На миг настала тишина. Я слышал взволнованное дыхание обоих и испугался, что они тоже могут услышать мое дыхание. Потом заговорил он, произнося слова размеренно, по слогам.
— У тебя рак, — сказал он. — Ты умираешь от рака, и тут ничего нельзя поделать.
Никогда не забуду вулканический взрыв рыданий, долетевший в темноту комнатки, где я укрылся. То были рыдания, обжигающие огнем, рыдания ужаса, одиночества, утраченной любви.
Эвита закричала:
— Дерьмо! Дерьмо!
Я услышал, как забегала прислуга, и вышел из дому деревянными шагами, словно сомнамбула.
Парикмахер отвернулся и стал смотреть в другую сторону. Когда он взглянул на меня, я отвел глаза. Этот человек был переполнен воспоминаниями и давними чувствами, и я не хотел, чтобы они мне передавались.
— Пойдемте уже, — сказал я. Мне хотелось быть подальше от этого утра, от этого отеля, от того, что я увидел и услышал.
— Я вернулся домой часа в два ночи, — продолжал парикмахер.
Я почувствовал, что он уже говорит не со мной.
—Мои кузины в ночных рубашках ждали меня. Альсина из какого-то закутка на улице видела, как генерал проследовал на Открытое собрание, но, поскольку движение толпы увлекало их то туда, то сюда, они, когда Эвита начала говорить, уже были вблизи трибуны, в двадцати или тридцати шагах. «Мы видели ее фарфоровое личико, — сказала та, что с зобом, — видели длинные, как у пианистов, пальцы, сияющий ореол вокруг волос»… Я ее перебил: «У Эвиты нет никакого ореола, — сказал я. — Уж меня-то вы на эту выдумку не купите». «Нет, есть, — настаивала та, у которой нос длинней. — Мы все его видели. А в конце, когда она прощалась, мы еще увидели, как она вознеслась над трибуной на метр или полтора, точно не знаю, и поднялась в воздух, и ореол у нее сиял так ярко, что только слепой бы его не увидел».

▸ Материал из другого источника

lemma distinct_run: "finite Q \<Longrightarrow> single_stage Q \<Longrightarrow> distinct (run t p n Q)"
proof (induction n arbitrary: Q)
  case 0
  then show ?case by simp
next
  case (Suc n)
  show ?case
  proof (cases "Q = {}")
    case False
    show ?thesis
      using run_Suc_nonempty[OF False, of t p n] Suc.IH[of "queue_step t p Q"]
        finite_queue_step[OF Suc.prems(1)] single_stage_queue_step[OF Suc.prems(1) False Suc.prems(2)]
        pending_queue_step(3)[OF Suc.prems(1) False Suc.prems(2)]
        set_run_subset_pending[of "queue_step t p Q" t p n]
      by auto
  qed simp
qed

lemma pending_subset_set_run:
  "finite Q \<Longrightarrow> single_stage Q \<Longrightarrow> work_left Q \<le> n \<Longrightarrow> pending Q \<subseteq> set (run t p n Q)"
proof (induction n arbitrary: Q)
  case 0
  then have "Q = {}" by (simp add: work_left_def)
  then show ?case by (simp add: pending_def)
next
  case (Suc n)
  show ?case
  proof (cases "Q = {}")
    case True
    then show ?thesis by (simp add: pending_def)
  next
    case False
    show ?thesis
      using run_Suc_nonempty[OF False, of t p n] Suc.IH[of "queue_step t p Q"]
        finite_queue_step[OF Suc.prems(1)] single_stage_queue_step[OF Suc.prems(1) False Suc.prems(2)]
        work_left_queue_step[OF Suc.prems(1) False Suc.prems(2), of t p] Suc.prems(3)
        pending_queue_step(2)[OF Suc.prems(1) False, of t p]
      by auto
  qed
qed

lemma sort1_eq_run: "sort1 J t p = run t p (work_left ((\<lambda>j. (j, False)) ` J)) ((\<lambda>j. (j, False)) ` J)"
proof -
  have "card ((\<lambda>j. (j, False)) ` J) = card J" by (rule card_image) (auto simp: inj_on_def)
  moreover have "{y \<in> (\<lambda>j. (j, False)) ` J. \<not> snd y} = (\<lambda>j. (j, False)) ` J" by auto
  ultimately show ?thesis by (simp add: sort1_def work_left_def mult_2)
qed

lemma single_stage_tests: "single_stage ((\<lambda>j. (j, False)) ` J)"
  by (auto simp: single_stage_def)

lemma distinct_sort1: "finite J \<Longrightarrow> distinct (sort1 J t p)"
  unfolding sort1_eq_run by (simp add: distinct_run single_stage_tests)

lemma sort1_contains: "finite J \<Longrightarrow> e \<in> J \<Longrightarrow> (e, b) \<in> set (sort1 J t p)"
  using pending_subset_set_run[OF _ single_stage_tests order.refl, of J t p]
  unfolding sort1_eq_run by (cases b) (auto simp: pending_def)

lemma sort1_dur_le_test:
  assumes "finite J" "e \<in> J" "a < b" "b < length (sort1 J t p)" "sort1 J t p ! b = (e, False)"
  shows "dur t p (sort1 J t p ! a) \<le> dur t p (sort1 J t p ! b)"
proof -
  have "sort1 J t p ! b \<in> (\<lambda>j. (j, False)) ` J" using assms(2,5) by simp
  then show ?thesis
    using run_dur_le_queued[of "(\<lambda>j. (j, False)) ` J" t p _ a b] assms(1,3,4) distinct_sort1[OF assms(1)]
    unfolding sort1_eq_run by blast
qed

lemma sort1_tests_in_order:
  assumes "finite J" "j \<in> J" "t j < t k"
    and "a < length (sort1 J t p)" "sort1 J t p ! a = (j, False)"
    and "b < length (sort1 J t p)" "sort1 J t p ! b = (k, False)"
  shows "a < b"
proof (rule ccontr)
  assume "\<not> a < b"
  moreover have "a \<noteq> b" using assms(3,5,7) by auto
  ultimately have "b < a" by simp
  then have "dur t p (sort1 J t p ! b) \<le> dur t p (sort1 J t p ! a)"
    using sort1_dur_le_test[OF assms(1,2) _ assms(4,5)] by blast
  then have "t k \<le> t j" using assms(5,7) by (simp add: dur_def)
  then show False using assms(3) by simp
qed

lemma sort1_dur_le_processing:
  assumes "finite J" "c < a" "a < b" "b < length (sort1 J t p)"
    and "sort1 J t p ! c = (e, False)" "sort1 J t p ! b = (e, True)"
  shows "dur t p (sort1 J t p ! a) \<le> dur t p (sort1 J t p ! b)"
  using run_dur_le_processing[of "(\<lambda>j. (j, False)) ` J" t p _ c a b e] assms distinct_sort1[OF assms(1)]
  unfolding sort1_eq_run by blast

lemma sort1_test_before_processing:
  assumes "finite J" "b < length (sort1 J t p)" "c < length (sort1 J t p)"
    and "sort1 J t p ! b = (e, True)" "sort1 J t p ! c = (e, False)"
  shows "c < b"
proof -
  have "(e, True) \<notin> (\<lambda>j. (j, False)) ` J" by auto
  then show ?thesis
    using run_test_before_processing[of "(\<lambda>j. (j, False)) ` J" e t p _ b c] assms distinct_sort1[OF assms(1)]
    unfolding sort1_eq_run by blast
qed

lemma takeWhile_neq_nth:
  assumes "distinct L" "i < length L"
  shows "takeWhile (\<lambda>x. x \<noteq> L ! i) L = take i L"
  using assms by (intro takeWhile_eq_take_P_nth) (auto simp: nth_eq_iff_index_eq)

lemma nth_in_set_take_iff:
  assumes "distinct L" "a < length L"
  shows "L ! a \<in> set (take n L) \<longleftrightarrow> a < n"
  using assms by (auto simp: in_set_conv_nth nth_eq_iff_index_eq intro!: exI[of _ a])

lemma sum_job_ops_take:
  assumes "distinct L" "ia < length L" "L ! ia = (k, False)" "ib < length L" "L ! ib = (k, True)"
  shows "sum_list (map (dur t p) (filter (\<lambda>x. fst x = k) (take i L)))
     = (if ia < i then t k else 0) + (if ib < i then p k else 0)"
proof -
  have "set (filter (\<lambda>x. fst x = k) (take i L)) =
     (if ia < i then {(k, False)} else {}) \<union> (if ib < i then {(k, True)} else {})"
    using nth_in_set_take_iff[OF assms(1,2), of i] nth_in_set_take_iff[OF assms(1,4), of i] assms(3,5)
    by (auto simp: prod_eq_iff) (metis (full_types) prod.collapse)+
  moreover have "distinct (filter (\<lambda>x. fst x = k) (take i L))" using assms(1) by simp
  ultimately show ?thesis by (auto simp: sum_list_distinct_conv_sum_set dur_def)
qed

lemma dd_sort1_eq:
  assumes "finite J" and L: "L = sort1 J t p"
    and "P < length L" "L ! P = (j, True)"
    and "T' < length L" "L ! T' = (k, False)" "P' < length L" "L ! P' = (k, True)"
  shows "dd J t p k j = (if T' < P then t k else 0) + (if P' < P then p k else 0)"
  using assms sum_job_ops_take[of L T' k P' t p P] takeWhile_neq_nth[of L P] distinct_sort1[OF assms(1)]
  unfolding dd_def by simp

lemma DD_le_Dstar_add:
  assumes "finite J" "j \<in> J" "k \<in> J" "j \<noteq> k" "t j < t k"
    and "t j \<ge> 0" "p j \<ge> 0" "t k \<ge> 0" "p k \<ge> 0"
  shows "DD J t p j k \<le> Dstar t p j k + t k"
proof -
  define L where "L = sort1 J t p"
  obtain TJ PJ TK PK where
    TJ: "TJ < length L" "L ! TJ = (j, False)" and PJ: "PJ < length L" "L ! PJ = (j, True)" and
    TK: "TK < length L" "L ! TK = (k, False)" and PK: "PK < length L" "L ! PK = (k, True)"
    using sort1_contains[OF assms(1)] assms(2,3) unfolding L_def by (metis in_set_conv_nth)
  have TJPJ: "TJ < PJ" and TKPK: "TK < PK"
    using sort1_test_before_processing[OF assms(1)] TJ PJ TK PK unfolding L_def by blast+
  have TJTK: "TJ < TK"
    using sort1_tests_in_order[OF assms(1,2)] TJ TK assms(5) unfolding L_def by blast
  have PJ_PK: "PJ \<noteq> PK" and PJ_TK: "PJ \<noteq> TK" using PJ PK TK assms(4) by auto
  have dd_kj: "dd J t p k j = (if TK < PJ then t k else 0) + (if PK < PJ then p k else 0)"
    using dd_sort1_eq[OF assms(1) L_def PJ TK PK] .
  have dd_jk: "dd J t p j k = (if TJ < PK then t j else 0) + (if PJ < PK then p j else 0)"
    using dd_sort1_eq[OF assms(1) L_def PK TJ PJ] .
  have between: "dur t p (L ! a) \<le> dur t p (L ! b)"
    if "c < a" "a < b" "b < length L" "L ! c = (e, False)" "L ! b = (e, True)" for a b c e
    using sort1_dur_le_processing[OF assms(1)] that unfolding L_def by blast
  consider "PJ < PK" "TK < PJ" | "PJ < PK" "PJ < TK" | "PK < PJ"
    using PJ_PK PJ_TK by linarith
  then show ?thesis
  proof cases
    case 1
    \<comment> \<open>k was tested while j was queued for processing, and j was processed while k was\<close>
    have "t k \<le> p j" using between[OF TJTK 1(2) PJ(1) TJ(2) PJ(2)] TK PJ by (simp add: dur_def)
    moreover have "p j \<le> p k" using between[OF 1(2,1) PK(1) TK(2) PK(2)] PK PJ by (simp add: dur_def)
    ultimately show ?thesis using 1 TJPJ dd_kj dd_jk assms(5-9) by (auto simp: DD_def Dstar_def)
  next
    case 2
    then have "p j \<le> t k"
      using sort1_dur_le_test[OF assms(1,3) _ TK(1)[unfolded L_def]] TK PJ unfolding L_def
      by (fastforce simp: dur_def)
    then show ?thesis using 2 TJPJ dd_kj dd_jk assms(5-9) by (auto simp: DD_def Dstar_def)
  next
    case 3
    then have TKPJ: "TK < PJ" using TKPK by simp
    have "t k \<le> p j" using between[OF TJTK TKPJ PJ(1) TJ(2) PJ(2)] TK PJ by (simp add: dur_def)
    moreover have "p k \<le> p j"
      using between[OF _ 3 PJ(1) TJ(2) PJ(2)] TJTK TKPK PK PJ by (simp add: dur_def)
    ultimately show ?thesis using 3 TKPJ TJTK TKPK dd_kj dd_jk assms(5-9)
      by (auto simp: DD_def Dstar_def)
  qed
qed

lemma red_pairs_Dstar_ge:
  assumes "red_pair \<mu> \<nu> t p i j" "red_pair \<mu> \<nu> t p i k" "0 < \<nu>" "\<nu> < 1" "t k \<ge> 0"
  shows "Dstar t p j k \<ge> (\<nu> + \<nu>\<^sup>2) * t k"
proof -
  define m where "m = max (t i) (p i)"
  have j: "t j \<ge> \<nu> * m" "p j \<ge> \<nu> * t j" and k: "t k \<le> m" "p k \<ge> \<nu> * t k"
    using assms(1,2) by (auto simp: red_pair_def m_def)
  have "t j \<ge> \<nu> * t k" using j(1) k(1) assms(3) by (smt (verit) mult_left_mono)
  then have "(1 + \<nu>) * (\<nu> * t k) \<le> (1 + \<nu>) * t j" using assms(3) by simp
  then have "t j + p j \<ge> (\<nu> + \<nu>\<^sup>2) * t k" using j(2) by (simp add: algebra_simps power2_eq_square)
  moreover have "\<nu> * (\<nu> * t k) \<le> \<nu> * t k" "\<nu> * t k \<le> t k"
    using assms(3-5) by (simp_all add: mult_left_le_one_le mult_le_cancel_right1)
  then have "t k + p k \<ge> (\<nu> + \<nu>\<^sup>2) * t k" using k(2) by (simp add: algebra_simps power2_eq_square)
  ultimately show ?thesis by (simp add: Dstar_def)
qed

5. «Я СМИРИЛАСЬ С ТЕМ, ЧТО БУДУ ЖЕРТВОЙ»
(Заключительная фраза главы V в книге «Смысл моей жизни»)
Письменный стол Полковника в Службе разведки украшали две гравюры. Более крупная была непременная репродукция картины Бланеса[45], портрет освободителя Хосе Сан-Мартина, готового ко всем опасностям войны. Сюжетом второй гравюры был порядок. Она воспроизводила эскиз карандашом и темперой, изображавший Иммануила Канта, шагающего по улицам Кенигсберга, меж тем как жители города проверяют свои часы. У философа флюс, щека повязана платком, но он энергично шагает, сознавая, что каждый его шаг укрепляет порядок в городе и отгоняет бедствия хаоса. Горожане, выглядывая с балконов или из-за дверей своих лавок, повторяют ежедневный ритуал, выставляют на своих часах время, отмечаемое прогулкой Канта. Внизу гравюры, произведения иллюстратора Фердинанда Беллермана, надпись на немецком языке: «Мое отечество — порядок».